My 9 month old GSD is currently on Kibble (Blue Buffalo) but I am planning on switching her to raw soon.
I sometimes give her a chunk of raw meat as a treat but I have noticed that she eats her feces the next time she goes.
She only does it when she's eaten raw meat.... I;m concerned she will keep this up when I make the switch to raw !


----------



## Rangers_mom (May 16, 2013)

My GSD eats Canidae dry dog food and feces eating has been an on going problem with him.
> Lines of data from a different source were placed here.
(* The weight |z + e|^(-1/2) decays more slowly than the profile, so (u - delta profile) / weight
   has a nonnegative limit at infinity and attains its negative infimum, which is m. *)
lemma exterior_touching_barrier:
  fixes \<delta> r0 :: real
  defines "n \<equiv> real DIM('a)"
  assumes "0 < r0" "0 < \<delta>" and y: "0 \<le> y \<bullet> e" "r0 \<le> norm y" "u y < \<delta> * decay_profile n y"
  obtains y0 m where "m < 0" "0 \<le> y0 \<bullet> e" "r0 \<le> norm y0"
    "u y0 = \<delta> * decay_profile n y0 + m * norm (y0 + e) powr (-1/2)"
    "\<And>z. 0 \<le> z \<bullet> e \<Longrightarrow> r0 \<le> norm z \<Longrightarrow> \<delta> * decay_profile n z + m * norm (z + e) powr (-1/2) \<le> u z"
proof -
  define Q where "Q z = (u z - \<delta> * decay_profile n z) / norm (z + e) powr (-1/2)" for z
  have "z + e \<noteq> 0" if "0 \<le> z \<bullet> e" for z
    using that e by (auto simp: add_eq_0_iff2)
  hence \<phi>_pos: "0 < norm (z + e) powr (-1/2)" if "0 \<le> z \<bullet> e" for z
    using that by simp
  define S where "S = {z. 0 \<le> z \<bullet> e} \<inter> - ball 0 r0"
  have "closed S"
    unfolding S_def by (intro closed_Int closed_Collect_le continuous_intros) auto
  have "continuous_on S Q"
    unfolding Q_def decay_profile_def
    using \<open>0 < r0\<close> \<open>\<And>z. 0 \<le> z \<bullet> e \<Longrightarrow> z + e \<noteq> 0\<close>
    by (intro continuous_intros continuous_on_subset[OF cont]) (auto simp: S_def)
  have "Q y < 0"
    using y \<phi>_pos[OF y(1)] by (simp add: Q_def divide_neg_pos)
  have tail: "Q y \<le> Q z" if "0 \<le> z \<bullet> e" "max 1 ((8 * \<delta> / - Q y)\<^sup>2) \<le> norm z" for z
  proof -
    have "8 * \<delta> / - Q y \<le> sqrt (norm z)"
      using that by (intro real_le_rsqrt) simp
    hence "- (- Q y) / 2 \<le> (u z - \<delta> * decay_profile n z) / norm (z + e) powr (-1/2)"
      using \<open>0 < \<delta>\<close> \<open>Q y < 0\<close> that unfolding n_def by (intro exterior_quotient_tail) auto
    thus ?thesis
      using \<open>Q y < 0\<close> unfolding Q_def[of z] by linarith
  qed
  have "\<exists>y0\<in>S. \<forall>z\<in>S. Q y0 \<le> Q z"
  proof (rule continuous_attains_inf_coercive[OF \<open>closed S\<close> \<open>continuous_on S Q\<close>, of y "max 1 ((8 * \<delta> / - Q y)\<^sup>2)"])
    show "y \<in> S"
      using y by (simp add: S_def)
    show "Q y \<le> Q z" if "z \<in> S" "max 1 ((8 * \<delta> / - Q y)\<^sup>2) \<le> norm z" for z
      using tail that by (simp add: S_def)
  qed
  then obtain y0 where "y0 \<in> S" and min: "\<And>z. z \<in> S \<Longrightarrow> Q y0 \<le> Q z"
    by blast
  show ?thesis
  proof (rule that[of "Q y0" y0])
    show "Q y0 < 0"
      using min[of y] y \<open>Q y < 0\<close> by (simp add: S_def)
    show "0 \<le> y0 \<bullet> e" "r0 \<le> norm y0"
      using \<open>y0 \<in> S\<close> by (auto simp: S_def)
    thus "u y0 = \<delta> * decay_profile n y0 + Q y0 * norm (y0 + e) powr (-1/2)"
      using \<phi>_pos by (simp add: Q_def)
    show "\<delta> * decay_profile n z + Q y0 * norm (z + e) powr (-1/2) \<le> u z"
      if "0 \<le> z \<bullet> e" "r0 \<le> norm z" for z
      using min[of z] that \<phi>_pos[OF that(1)] by (simp add: S_def Q_def pos_le_divide_eq algebra_simps)
  qed
qed

lemma exterior_comparison:
  fixes \<delta> r0 :: real
  defines "n \<equiv> real DIM('a)"
  assumes "0 < r0" "0 < \<delta>"
    and sphere: "\<And>z. 0 \<le> z \<bullet> e \<Longrightarrow> norm z = r0 \<Longrightarrow> \<delta> * decay_profile n z \<le> u z"
    and sub: "\<And>z::'a. r0 \<le> norm z \<Longrightarrow>
                n * (n - 2) * (\<delta> * decay_profile n z) powr ((n + 2) / (n - 2)) \<le> \<delta> * (n - 1) * norm z powr (-1 - n)"
    and y: "0 \<le> y \<bullet> e" "r0 \<le> norm y"
  shows "\<delta> * decay_profile n y \<le> u y"
proof (rule ccontr)
  assume "\<not> ?thesis"
  hence "u y < \<delta> * decay_profile n y"
    by simp
  then obtain y0 m where "m < 0" "0 \<le> y0 \<bullet> e" "r0 \<le> norm y0"
    and contact: "u y0 = \<delta> * decay_profile n y0 + m * norm (y0 + e) powr (-1/2)"
    and below: "\<And>z. 0 \<le> z \<bullet> e \<Longrightarrow> r0 \<le> norm z \<Longrightarrow> \<delta> * decay_profile n z + m * norm (z + e) powr (-1/2) \<le> u z"
    using exterior_touching_barrier[OF \<open>0 < r0\<close> \<open>0 < \<delta>\<close> y, folded n_def] by blast
  have "0 < y0 \<bullet> e"
    using exterior_contact_off_boundary[OF \<open>0 < r0\<close> \<open>m < 0\<close>] below \<open>0 \<le> y0 \<bullet> e\<close> \<open>r0 \<le> norm y0\<close> contact
    unfolding n_def by blast
  hence "norm y0 = r0"
    using exterior_contact_on_sphere[OF \<open>0 < r0\<close> \<open>0 < \<delta>\<close> \<open>m < 0\<close>] sub below \<open>r0 \<le> norm y0\<close> contact
    unfolding n_def by blast
  moreover have "y0 \<noteq> - e"
    using \<open>0 < y0 \<bullet> e\<close> e by auto
  hence "m * norm (y0 + e) powr (-1/2) < 0"
    using \<open>m < 0\<close> by (simp add: mult_neg_pos add_eq_0_iff2)
  ultimately show False
    using sphere[OF \<open>0 \<le> y0 \<bullet> e\<close>] contact by simp
qed

lemma decay_lower_bound:
  assumes "0 < r0" "0 < m0" and sphere: "\<And>y. 0 \<le> y \<bullet> e \<Longrightarrow> norm y = r0 \<Longrightarrow> m0 \<le> u y"
  shows "\<exists>\<delta>>0. \<forall>y. 0 \<le> y \<bullet> e \<longrightarrow> r0 \<le> norm y \<longrightarrow> \<delta> * norm y powr (2 - real DIM('a)) \<le> u y"
proof -
  define n where "n = real DIM('a)"
  define p where "p = (n + 2) / (n - 2)"
  define \<Phi>0 where "\<Phi>0 = r0 powr (2 - n) + r0 powr (1 - n)"
  define B where "B = (1 + 1 / r0) powr p"
  define L where "L = (n - 1) * r0 / (n * (n - 2))"
  have "3 \<le> n"
    using dim by (simp add: n_def)
  have "0 < 1 + 1 / r0"
    using assms(1) by (intro add_pos_pos) auto
  hence "0 < B"
    unfolding B_def powr_gt_zero by linarith
  have "0 < \<Phi>0"
    using assms(1) by (simp add: \<Phi>0_def add_pos_pos)
  have "0 < p - 1" "0 < L / B" "0 < m0 / \<Phi>0"
    using \<open>3 \<le> n\<close> assms(1,2) \<open>0 < \<Phi>0\<close> \<open>0 < B\<close> by (auto simp: p_def L_def field_simps)
  then obtain \<delta> where "0 < \<delta>" "\<delta> \<le> m0 / \<Phi>0" and "\<delta> powr (p - 1) \<le> L / B"
    using exists_small_powr_le by blast
  hence small: "\<delta> powr (p - 1) * B \<le> L"
    using \<open>0 < B\<close> by (simp add: le_divide_eq)
  have "\<delta> * decay_profile n y \<le> u y" if "0 \<le> y \<bullet> e" "r0 \<le> norm y" for y
  proof (rule exterior_comparison[OF \<open>0 < r0\<close> \<open>0 < \<delta>\<close>, folded n_def])
    show "\<delta> * decay_profile n z \<le> u z" if "0 \<le> z \<bullet> e" "norm z = r0" for z
    proof -
      have "\<delta> * decay_profile n z = \<delta> * \<Phi>0"
        using that(2) by (simp add: decay_profile_def \<Phi>0_def)
      also have "\<dots> \<le> m0"
        using \<open>\<delta> \<le> m0 / \<Phi>0\<close> \<open>0 < \<Phi>0\<close> by (simp add: pos_le_divide_eq mult.commute)
      finally show ?thesis
        using sphere[OF that] by simp
    qed
    show "n * (n - 2) * (\<delta> * decay_profile n z) powr ((n + 2) / (n - 2)) \<le> \<delta> * (n - 1) * norm z powr (-1 - n)"
      if "r0 \<le> norm z" for z :: 'a
    proof (rule decay_profile_subsolution[OF \<open>3 \<le> n\<close> \<open>0 < \<delta>\<close> \<open>0 < r0\<close> that])
      show "\<delta> powr ((n + 2) / (n - 2) - 1) * (1 + 1 / r0) powr ((n + 2) / (n - 2)) \<le> (n - 1) * r0 / (n * (n - 2))"
        using small by (simp add: p_def B_def L_def)
    qed
  qed (use that in auto)
  moreover have "norm y powr (2 - n) \<le> decay_profile n y" for y :: 'a
    by (simp add: decay_profile_def)
  ultimately show ?thesis
    using \<open>0 < \<delta>\<close> by (intro exI[of _ \<delta>]) (force simp: n_def intro: order.trans[OF mult_left_mono])
qed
He eats his own feces, any other dog's feces and any fertilizer I put on the plants. Very frustrating! I just make sure I pick up everything immediately and I never let him outdoors by himself - even just for a few minutes. I would be very happy if I could identify a source of this behavior so maybe you are lucky to know what causes it in your dog.
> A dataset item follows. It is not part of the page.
(* Let $\mathscr{X}$ be a totally bounded normed metric space with $\|x\|\le1$ for all $x$, consider the $\epsilon$-perturbation channel on $\mathscr{X}$ described in the context, let $0<\epsilon\le1$ and $0\le\delta<m_{\mathscr{Y}}(V_\epsilon)$. Then $$C^\delta_\epsilon=\sup\Big\{ I_{\tilde\delta/|[\![X]\!]|}(Y;X)\ :\ X \text{ a transmitted UV with } [\![X]\!]\subseteq\mathscr{X},\ 0\le\tilde\delta\le \delta/m_{\mathscr{Y}}([\![Y]\!])\Big\}\ \text{bits},$$ where $Y$ is the received UV corresponding to $X$.
   Context: Uncertain variables (UVs): a UV is a map $U$ from a sample space $\Omega$ to a set; jointly considered UVs share $\Omega$. $[\![U]\!]=\{U(\omega)\}$; $[\![U|w]\!]=\{U(\omega):W(\omega)=w\}$, $[\![U|W]\!]=\{[\![U|w]\!]:w\in[\![W]\!]\}$. An uncertainty function on a set $\mathscr{U}$ is a map $m$ on subsets of $\mathscr{U}$ with $m(\emptyset)=0$, $0<m(S)<\infty$ for nonempty $S$, $\max\{m(S_1),m(S_2)\}\le m(S_1\cup S_2)$. $\delta$-mutual information: for UVs $U$ (values in $\mathscr{U}$ with uncertainty function $m_{\mathscr{U}}$) and $W$, points $u,u'\in[\![U]\!]$ are $\delta$-connected via $[\![U|W]\!]$ if there are $w_1,\dots,w_N\in[\![W]\!]$ with $u\in[\![U|w_1]\!]$, $u'\in[\![U|w_N]\!]$, $m_{\mathscr{U}}([\![U|w_i]\!]\cap[\![U|w_{i-1}]\!])/m_{\mathscr{U}}([\![U]\!])>\delta$ for $1<i\le N$; a set is $\delta$-connected if all pairs of its points are. A $\delta$-overlap family $[\![U|W]\!]^*_\delta$ is a family of distinct subsets covering $[\![U]\!]$, of largest cardinality among covering families such that (i) each member is $\delta$-connected and contains some $[\![U|w]\!]$; (ii) distinct members $S_1,S_2$ satisfy $m_{\mathscr{U}}(S_1\cap S_2)\le\delta\, m_{\mathscr{U}}([\![U]\!])$; (iii) each $[\![U|w]\!]$ lies in some member. $I_\delta(U;W)=\log_2|[\![U|W]\!]^*_\delta|$ if such a family exists, else $0$. Channel: the output space is $\mathscr{Y}=\mathscr{X}$; $m_{\mathscr{X}},m_{\mathscr{Y}}$ are uncertainty functions on $\mathscr{X},\mathscr{Y}$ with $m_{\mathscr{Y}}(\mathscr{Y})=1$. $S_\epsilon(x)=\{y\in\mathscr{Y}:\|x-y\|\le\epsilon\}$; $V_\epsilon=S_\epsilon(x^* )$ where $x^*$ minimizes $m_{\mathscr{Y}}(S_\epsilon(x))$ over $x\in\mathscr{X}$. A codebook is a discrete set $\mathcal{C}\subseteq\mathscr{X}$. $e_\epsilon(x_1,x_2)=m_{\mathscr{Y}}(S_\epsilon(x_1)\cap S_\epsilon(x_2))/m_{\mathscr{Y}}(\mathscr{Y})$. $\mathcal{C}$ is $(\epsilon,\delta)$-distinguishable if $e_\epsilon(x_1,x_2)\le\delta/|\mathcal{C}|$ for all distinct $x_1,x_2\in\mathcal{C}$; $C^\delta_\epsilon=\sup\log_2|\mathcal{C}|$ over $(\epsilon,\delta)$-distinguishable codebooks. For a codebook $\mathcal{C}$, the transmitted UV $X$ and received UV $Y$ satisfy $[\![X]\!]=\mathcal{C}$, $[\![Y]\!]=\bigcup_{x\in\mathcal{C}}S_\epsilon(x)$, $[\![Y|x]\!]=\{y\in[\![Y]\!]:\|x-y\|\le\epsilon\}$, $[\![X|y]\!]=\{x\in[\![X]\!]:\|x-y\|\le\epsilon\}$. *)

theory Defs
  imports "HOL-Analysis.Analysis"
begin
Sorry I can't offer much advice.


----------



## blackshep (Aug 3, 2012)

My pup eats anything she can get into her mouth. I think some are just like that and it's almost impossible to break that habit. There is stuff you can feed them that is a deterrent.
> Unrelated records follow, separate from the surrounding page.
lemma farkas_lemma:
  fixes L :: "'a::ordered_euclidean_space \<Rightarrow> 'b::euclidean_space"
  assumes "linear L"
  shows "(\<exists>x\<ge>0. L x = b) \<or> (\<exists>y. y \<bullet> b < 0 \<and> (\<forall>x\<ge>0. 0 \<le> y \<bullet> L x))"
proof (cases "b \<in> L ` {x. 0 \<le> x}")
  case False
  let ?K = "L ` {x. 0 \<le> x}"
  have cone: "convex_cone ?K"
    by (intro convex_cone_linear_image conjI convex_cone_nonneg_orthant assms)
  obtain y c where yb: "y \<bullet> b < c" and yK: "\<forall>z\<in>?K. c < y \<bullet> z"
    using separating_hyperplane_closed_point[OF _ closed_linear_image_nonneg_orthant[OF assms] False]
      cone by (auto simp: convex_cone_def)
  have "c < 0" using yK convex_cone_contains_0[OF cone] by force
  have "0 \<le> y \<bullet> L x" if "0 \<le> x" for x
  proof (rule ccontr)
    assume neg: "\<not> 0 \<le> y \<bullet> L x"
    define t where "t = c / (y \<bullet> L x)"
    have "0 \<le> t" using neg \<open>c < 0\<close> by (simp add: t_def divide_nonpos_neg)
    then have "c < y \<bullet> L (t *\<^sub>R x)" using yK that by (simp add: scaleR_nonneg_nonneg)
    also have "\<dots> = c" using neg by (simp add: t_def linear_scale[OF assms])
    finally show False by simp
  qed
  then show ?thesis using yb \<open>c < 0\<close> by force
qed auto

lemma lp_feasible_le_if_INF_le:
  fixes B :: "'a::ordered_euclidean_space \<Rightarrow> 'b::ordered_euclidean_space"
  assumes lin: "linear B" and INF_le: "(INF y\<in>{y. 0 \<le> y \<and> r \<le> B y}. ereal (c \<bullet> y)) \<le> ereal R"
  shows "\<exists>y\<ge>0. r \<le> B y \<and> c \<bullet> y \<le> R"
proof -
  define L :: "'a \<times> 'b \<times> real \<Rightarrow> 'b \<times> real" where
    "L = (\<lambda>(y, s, t). (B y - s, c \<bullet> y + t))"
  have "linear L"
    unfolding linear_iff L_def
    by (auto simp: linear_add[OF lin] linear_scale[OF lin] algebra_simps inner_add_right)
  then have closed: "closed (L ` {x. 0 \<le> x})"
    by (rule closed_linear_image_nonneg_orthant)
  have "(r, R + e) \<in> L ` {x. 0 \<le> x}" if "0 < e" for e
  proof -
    have "(INF y\<in>{y. 0 \<le> y \<and> r \<le> B y}. ereal (c \<bullet> y)) < ereal (R + e)"
      using INF_le that by (simp add: le_less_trans)
    then obtain y where y: "0 \<le> y" "r \<le> B y" "c \<bullet> y < R + e"
      by (auto simp: INF_less_iff)
    then have "L (y, B y - r, R + e - c \<bullet> y) = (r, R + e)" "0 \<le> (y, B y - r, R + e - c \<bullet> y)"
      by (auto simp: L_def less_eq_prod_def)
    then show ?thesis by (metis image_eqI mem_Collect_eq)
  qed
  moreover have "dist (r, R + e / 2) (r, R) < e" if "0 < e" for e
    using that by (simp add: dist_Pair_Pair dist_real_def)
  ultimately have "\<forall>e>0. \<exists>z\<in>L ` {x. 0 \<le> x}. dist z (r, R) < e"
    by (meson half_gt_zero)
  then have "(r, R) \<in> L ` {x. 0 \<le> x}"
    using closed_approachable[OF closed] by blast
  then obtain y s t where "0 \<le> (y, s, t)" "L (y, s, t) = (r, R)" by auto
  then show ?thesis
    by (intro exI[of _ y]) (auto simp: L_def less_eq_prod_def)
qed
Easiest way to prevent it is if you pick up after her each time.


----------



## katro (Feb 26, 2013)

I've only ever seen my dog try to eat his poo when he was on kibble. Once I made the switch to raw, he sniffs after he goes, but hasn't ever tried to eat it. 

What I have read is that with the raw diet, the dog's body makes best use of the nutrients in the food so that what comes out is truly waste and can no longer be used or broken down by the digestive system. Kibble on the other hand may not be digested fully and sometimes dogs eat it because it's not completely waste and still smells like edible food. Again, this is all just heresay, but they do have supplements you can feed the dog so that their poo is unappetizing to them if it's a major problem for you/your dog.


----------



## Rangers_mom (May 16, 2013)

Katro, what suppliments are there? I am going on vacation this summer and leaving my dogs with an in sitter. I know he will not be as vigilant about picking up the poop and I am concerned that Ranger will get sick. He got sick last summer while we were away but at the time I didn't put 2 and 2 together and realize that he was helping himself to extra treats while he was at the sitters. I would love to have something I could give him for the 2 weeks we are gone.


----------



## katro (Feb 26, 2013)

Here are some at PetsMart:
GNC Pets® Ultra Mega STOOL-NO! - Sale - Dog - PetSmart

Nutri-Vet Nasty Habit for Dogs - Health & Wellness - Dog - PetSmart

21st Century Level 2 Moderate Coprophagia Deterrence for Dogs - Health & Wellness - Dog - PetSmart

You can also sprinkle some meat tenderizer on their food (like Adolph's) that will make their poop taste horrible to them. 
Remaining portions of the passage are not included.